=== EXERCISE MATERIALS ===
(* Let $n\ge3$ and let $C_n$ be the cycle on $n$ vertices. There exist pairs of vertices $\{a,b\}\neq\{c,d\}$ of $C_n$, at least one of which is an edge, such that there is perfect plus state transfer between $e_a+e_b$ and $e_c+e_d$ in $C_n$, if and only if $n=4$.
   Context: For a graph with adjacency matrix $A$ and degree matrix $\Delta$, the unsigned Laplacian is $L_+=\Delta+A$. Perfect plus state transfer between $e_a+e_b$ and $e_c+e_d$ means $\exp(itL_+)(e_a+e_b)=\gamma(e_c+e_d)$ for some $t\ge0$ and $\gamma\in\mathbb{C}$, $|\gamma|=1$, where $e_v$ is the standard basis vector of $v$. *)

theory Defs
  imports Complex_Main
begin

text \<open>Graphs on the vertex set {0..<n}; matrices and vectors are functions on indices,
  only entries with indices < n are meaningful.\<close>

definition cycle_adj :: "nat \<Rightarrow> nat \<Rightarrow> nat \<Rightarrow> bool" where
  "cycle_adj n u v \<longleftrightarrow> u < n \<and> v < n \<and> (v = (u + 1) mod n \<or> u = (v + 1) mod n)"

definition degree :: "nat \<Rightarrow> (nat \<Rightarrow> nat \<Rightarrow> bool) \<Rightarrow> nat \<Rightarrow> nat" where
  "degree n adj u = card {v. v < n \<and> adj u v}"

definition signless_laplacian :: "nat \<Rightarrow> (nat \<Rightarrow> nat \<Rightarrow> bool) \<Rightarrow> nat \<Rightarrow> nat \<Rightarrow> complex" where
  "signless_laplacian n adj u v =
     (if u = v then of_nat (degree n adj u) else 0) + (if adj u v then 1 else 0)"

=== REQUIREMENT ===
Report how many lines in the entries hold the string "where". Nothing but the number is wanted.

=== YOUR RESPONSE ===
4